TRY IT: From the entries that follow, reproduce exactly and only the lines from the line with "Inverting one step" to the line with "a a^* + b b^* = 1", endpoints included.

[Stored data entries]
+ + + + +

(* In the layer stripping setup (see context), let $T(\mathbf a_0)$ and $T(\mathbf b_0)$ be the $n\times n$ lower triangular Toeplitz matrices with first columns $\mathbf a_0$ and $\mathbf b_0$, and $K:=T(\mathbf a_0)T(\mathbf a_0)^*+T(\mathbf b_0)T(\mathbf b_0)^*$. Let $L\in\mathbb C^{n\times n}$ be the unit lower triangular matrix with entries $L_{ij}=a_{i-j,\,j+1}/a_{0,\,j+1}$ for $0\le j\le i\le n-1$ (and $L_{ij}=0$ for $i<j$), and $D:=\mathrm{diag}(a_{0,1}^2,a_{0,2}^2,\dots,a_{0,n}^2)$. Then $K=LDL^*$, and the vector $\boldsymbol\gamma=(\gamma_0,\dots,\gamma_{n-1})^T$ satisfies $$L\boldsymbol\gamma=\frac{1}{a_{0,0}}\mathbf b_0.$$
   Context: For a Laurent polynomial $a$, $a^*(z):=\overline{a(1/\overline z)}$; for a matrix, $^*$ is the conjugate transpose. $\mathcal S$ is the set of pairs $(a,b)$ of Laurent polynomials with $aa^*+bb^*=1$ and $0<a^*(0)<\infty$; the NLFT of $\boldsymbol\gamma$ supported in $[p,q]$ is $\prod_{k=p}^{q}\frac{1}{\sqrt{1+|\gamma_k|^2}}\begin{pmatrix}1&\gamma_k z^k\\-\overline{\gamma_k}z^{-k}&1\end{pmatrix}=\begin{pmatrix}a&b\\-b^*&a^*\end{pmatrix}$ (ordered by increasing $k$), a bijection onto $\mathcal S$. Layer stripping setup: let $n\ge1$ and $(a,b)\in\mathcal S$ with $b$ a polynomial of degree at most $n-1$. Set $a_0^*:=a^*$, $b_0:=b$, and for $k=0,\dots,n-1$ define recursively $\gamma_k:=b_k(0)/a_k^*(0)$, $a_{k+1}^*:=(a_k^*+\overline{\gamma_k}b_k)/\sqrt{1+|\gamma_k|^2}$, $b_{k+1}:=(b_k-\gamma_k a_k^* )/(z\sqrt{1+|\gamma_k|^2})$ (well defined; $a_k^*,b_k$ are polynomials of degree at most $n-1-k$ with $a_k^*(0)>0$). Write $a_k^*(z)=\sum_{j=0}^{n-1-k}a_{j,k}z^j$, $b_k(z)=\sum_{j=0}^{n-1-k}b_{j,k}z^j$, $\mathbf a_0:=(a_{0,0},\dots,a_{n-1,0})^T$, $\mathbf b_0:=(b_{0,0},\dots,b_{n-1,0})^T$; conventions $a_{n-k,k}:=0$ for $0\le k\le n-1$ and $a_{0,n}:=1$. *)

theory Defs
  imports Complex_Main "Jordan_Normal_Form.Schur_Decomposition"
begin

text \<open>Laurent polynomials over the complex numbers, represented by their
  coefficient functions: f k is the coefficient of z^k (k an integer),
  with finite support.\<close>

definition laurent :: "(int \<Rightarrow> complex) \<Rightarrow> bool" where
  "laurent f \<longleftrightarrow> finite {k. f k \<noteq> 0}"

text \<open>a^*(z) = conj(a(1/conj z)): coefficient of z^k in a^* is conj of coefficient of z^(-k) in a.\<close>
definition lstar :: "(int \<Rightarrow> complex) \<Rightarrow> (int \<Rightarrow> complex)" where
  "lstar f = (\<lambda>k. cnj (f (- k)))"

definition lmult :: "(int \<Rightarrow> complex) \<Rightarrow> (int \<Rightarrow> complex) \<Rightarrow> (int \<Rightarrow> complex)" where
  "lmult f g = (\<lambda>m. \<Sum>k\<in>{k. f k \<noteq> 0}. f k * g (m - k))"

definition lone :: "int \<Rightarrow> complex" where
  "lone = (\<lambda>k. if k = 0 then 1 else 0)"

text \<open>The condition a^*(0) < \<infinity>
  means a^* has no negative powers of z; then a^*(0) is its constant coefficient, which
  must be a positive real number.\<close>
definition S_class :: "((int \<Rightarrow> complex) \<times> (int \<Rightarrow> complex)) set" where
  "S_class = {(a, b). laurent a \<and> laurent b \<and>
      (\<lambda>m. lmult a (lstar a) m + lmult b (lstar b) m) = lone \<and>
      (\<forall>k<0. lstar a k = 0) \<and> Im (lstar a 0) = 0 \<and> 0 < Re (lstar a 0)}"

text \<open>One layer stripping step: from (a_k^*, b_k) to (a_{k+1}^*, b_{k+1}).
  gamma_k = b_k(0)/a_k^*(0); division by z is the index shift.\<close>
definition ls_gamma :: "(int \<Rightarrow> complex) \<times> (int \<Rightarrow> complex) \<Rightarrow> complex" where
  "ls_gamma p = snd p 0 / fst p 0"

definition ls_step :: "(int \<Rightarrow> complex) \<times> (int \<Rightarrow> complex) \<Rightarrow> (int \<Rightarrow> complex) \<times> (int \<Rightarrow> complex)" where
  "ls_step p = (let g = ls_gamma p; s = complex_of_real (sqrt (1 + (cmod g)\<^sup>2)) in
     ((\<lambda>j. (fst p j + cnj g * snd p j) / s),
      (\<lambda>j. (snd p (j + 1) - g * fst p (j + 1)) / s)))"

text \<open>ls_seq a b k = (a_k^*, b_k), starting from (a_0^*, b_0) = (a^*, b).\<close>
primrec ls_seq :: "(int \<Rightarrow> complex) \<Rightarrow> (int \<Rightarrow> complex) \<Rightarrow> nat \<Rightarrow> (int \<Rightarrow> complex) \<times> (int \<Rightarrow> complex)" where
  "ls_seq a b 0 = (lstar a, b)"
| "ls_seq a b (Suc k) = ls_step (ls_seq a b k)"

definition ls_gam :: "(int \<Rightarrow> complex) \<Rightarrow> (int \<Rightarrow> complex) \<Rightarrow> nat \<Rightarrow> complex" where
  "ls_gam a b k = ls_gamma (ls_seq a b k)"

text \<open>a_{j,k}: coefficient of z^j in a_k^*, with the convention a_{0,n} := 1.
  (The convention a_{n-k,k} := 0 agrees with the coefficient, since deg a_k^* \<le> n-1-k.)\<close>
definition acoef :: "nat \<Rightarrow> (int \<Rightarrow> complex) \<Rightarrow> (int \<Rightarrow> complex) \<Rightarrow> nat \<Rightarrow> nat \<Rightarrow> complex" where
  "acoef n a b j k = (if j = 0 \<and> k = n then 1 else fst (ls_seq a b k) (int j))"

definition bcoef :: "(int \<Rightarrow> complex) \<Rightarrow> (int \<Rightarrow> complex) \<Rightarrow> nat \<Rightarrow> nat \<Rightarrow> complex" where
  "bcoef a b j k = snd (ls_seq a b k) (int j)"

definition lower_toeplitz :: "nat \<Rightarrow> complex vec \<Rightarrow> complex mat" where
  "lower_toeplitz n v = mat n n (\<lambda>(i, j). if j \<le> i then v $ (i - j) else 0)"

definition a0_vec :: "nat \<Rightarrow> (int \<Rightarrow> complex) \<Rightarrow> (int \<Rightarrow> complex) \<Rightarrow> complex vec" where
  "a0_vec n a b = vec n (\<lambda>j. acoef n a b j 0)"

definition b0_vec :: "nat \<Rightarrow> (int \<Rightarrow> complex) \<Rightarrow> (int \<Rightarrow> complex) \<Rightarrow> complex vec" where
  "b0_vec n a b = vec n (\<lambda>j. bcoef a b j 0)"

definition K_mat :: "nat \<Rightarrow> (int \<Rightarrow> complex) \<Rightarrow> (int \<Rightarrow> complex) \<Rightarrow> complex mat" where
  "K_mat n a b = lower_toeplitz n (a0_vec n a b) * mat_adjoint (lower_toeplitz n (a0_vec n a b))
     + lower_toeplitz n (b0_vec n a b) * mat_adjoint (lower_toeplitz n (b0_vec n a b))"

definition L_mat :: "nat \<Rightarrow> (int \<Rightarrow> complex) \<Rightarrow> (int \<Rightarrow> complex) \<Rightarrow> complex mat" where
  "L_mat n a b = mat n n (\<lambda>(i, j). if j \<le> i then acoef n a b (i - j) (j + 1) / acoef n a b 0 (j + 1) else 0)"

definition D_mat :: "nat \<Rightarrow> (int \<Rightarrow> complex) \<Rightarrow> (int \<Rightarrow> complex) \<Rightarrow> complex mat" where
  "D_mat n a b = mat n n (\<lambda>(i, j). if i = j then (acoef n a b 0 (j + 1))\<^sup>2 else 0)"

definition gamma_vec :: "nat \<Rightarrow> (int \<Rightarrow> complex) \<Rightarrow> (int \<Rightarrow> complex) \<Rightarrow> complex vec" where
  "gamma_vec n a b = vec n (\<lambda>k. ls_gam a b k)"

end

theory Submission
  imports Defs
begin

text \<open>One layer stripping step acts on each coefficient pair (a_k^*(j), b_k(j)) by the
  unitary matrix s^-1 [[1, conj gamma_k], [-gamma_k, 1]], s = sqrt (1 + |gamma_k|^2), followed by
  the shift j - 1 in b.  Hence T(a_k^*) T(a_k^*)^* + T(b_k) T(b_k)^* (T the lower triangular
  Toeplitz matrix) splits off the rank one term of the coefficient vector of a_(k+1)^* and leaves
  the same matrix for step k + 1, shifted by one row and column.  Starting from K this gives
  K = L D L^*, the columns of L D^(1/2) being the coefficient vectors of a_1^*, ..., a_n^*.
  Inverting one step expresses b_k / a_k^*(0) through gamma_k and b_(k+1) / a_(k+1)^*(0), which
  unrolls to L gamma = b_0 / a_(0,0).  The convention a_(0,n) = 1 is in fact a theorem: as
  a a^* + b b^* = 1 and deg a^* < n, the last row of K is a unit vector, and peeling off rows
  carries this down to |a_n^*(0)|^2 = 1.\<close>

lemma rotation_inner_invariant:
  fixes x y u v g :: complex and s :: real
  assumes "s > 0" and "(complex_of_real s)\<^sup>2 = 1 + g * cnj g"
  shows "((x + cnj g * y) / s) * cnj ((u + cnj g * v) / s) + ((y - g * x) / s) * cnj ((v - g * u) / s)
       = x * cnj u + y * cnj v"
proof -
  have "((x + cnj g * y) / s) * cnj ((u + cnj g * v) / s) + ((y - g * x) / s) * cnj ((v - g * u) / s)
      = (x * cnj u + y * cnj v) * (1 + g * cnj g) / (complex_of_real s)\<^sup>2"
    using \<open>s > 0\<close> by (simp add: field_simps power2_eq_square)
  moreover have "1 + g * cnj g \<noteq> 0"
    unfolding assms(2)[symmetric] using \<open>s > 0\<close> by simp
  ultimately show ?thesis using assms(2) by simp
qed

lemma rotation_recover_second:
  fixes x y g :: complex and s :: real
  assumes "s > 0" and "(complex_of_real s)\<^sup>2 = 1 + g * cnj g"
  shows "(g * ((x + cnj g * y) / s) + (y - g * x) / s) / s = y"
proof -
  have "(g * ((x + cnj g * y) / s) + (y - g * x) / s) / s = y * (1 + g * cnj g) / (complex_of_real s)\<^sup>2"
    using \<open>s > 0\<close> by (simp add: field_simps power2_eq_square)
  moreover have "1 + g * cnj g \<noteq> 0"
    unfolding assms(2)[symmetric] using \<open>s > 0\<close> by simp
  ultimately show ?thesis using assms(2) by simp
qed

+ + + + +

YOUR SOLUTION:
  Inverting one step expresses b_k / a_k^*(0) through gamma_k and b_(k+1) / a_(k+1)^*(0), which
  unrolls to L gamma = b_0 / a_(0,0).  The convention a_(0,n) = 1 is in fact a theorem: as
  a a^* + b b^* = 1 and deg a^* < n, the last row of K is a unit vector, and peeling off rows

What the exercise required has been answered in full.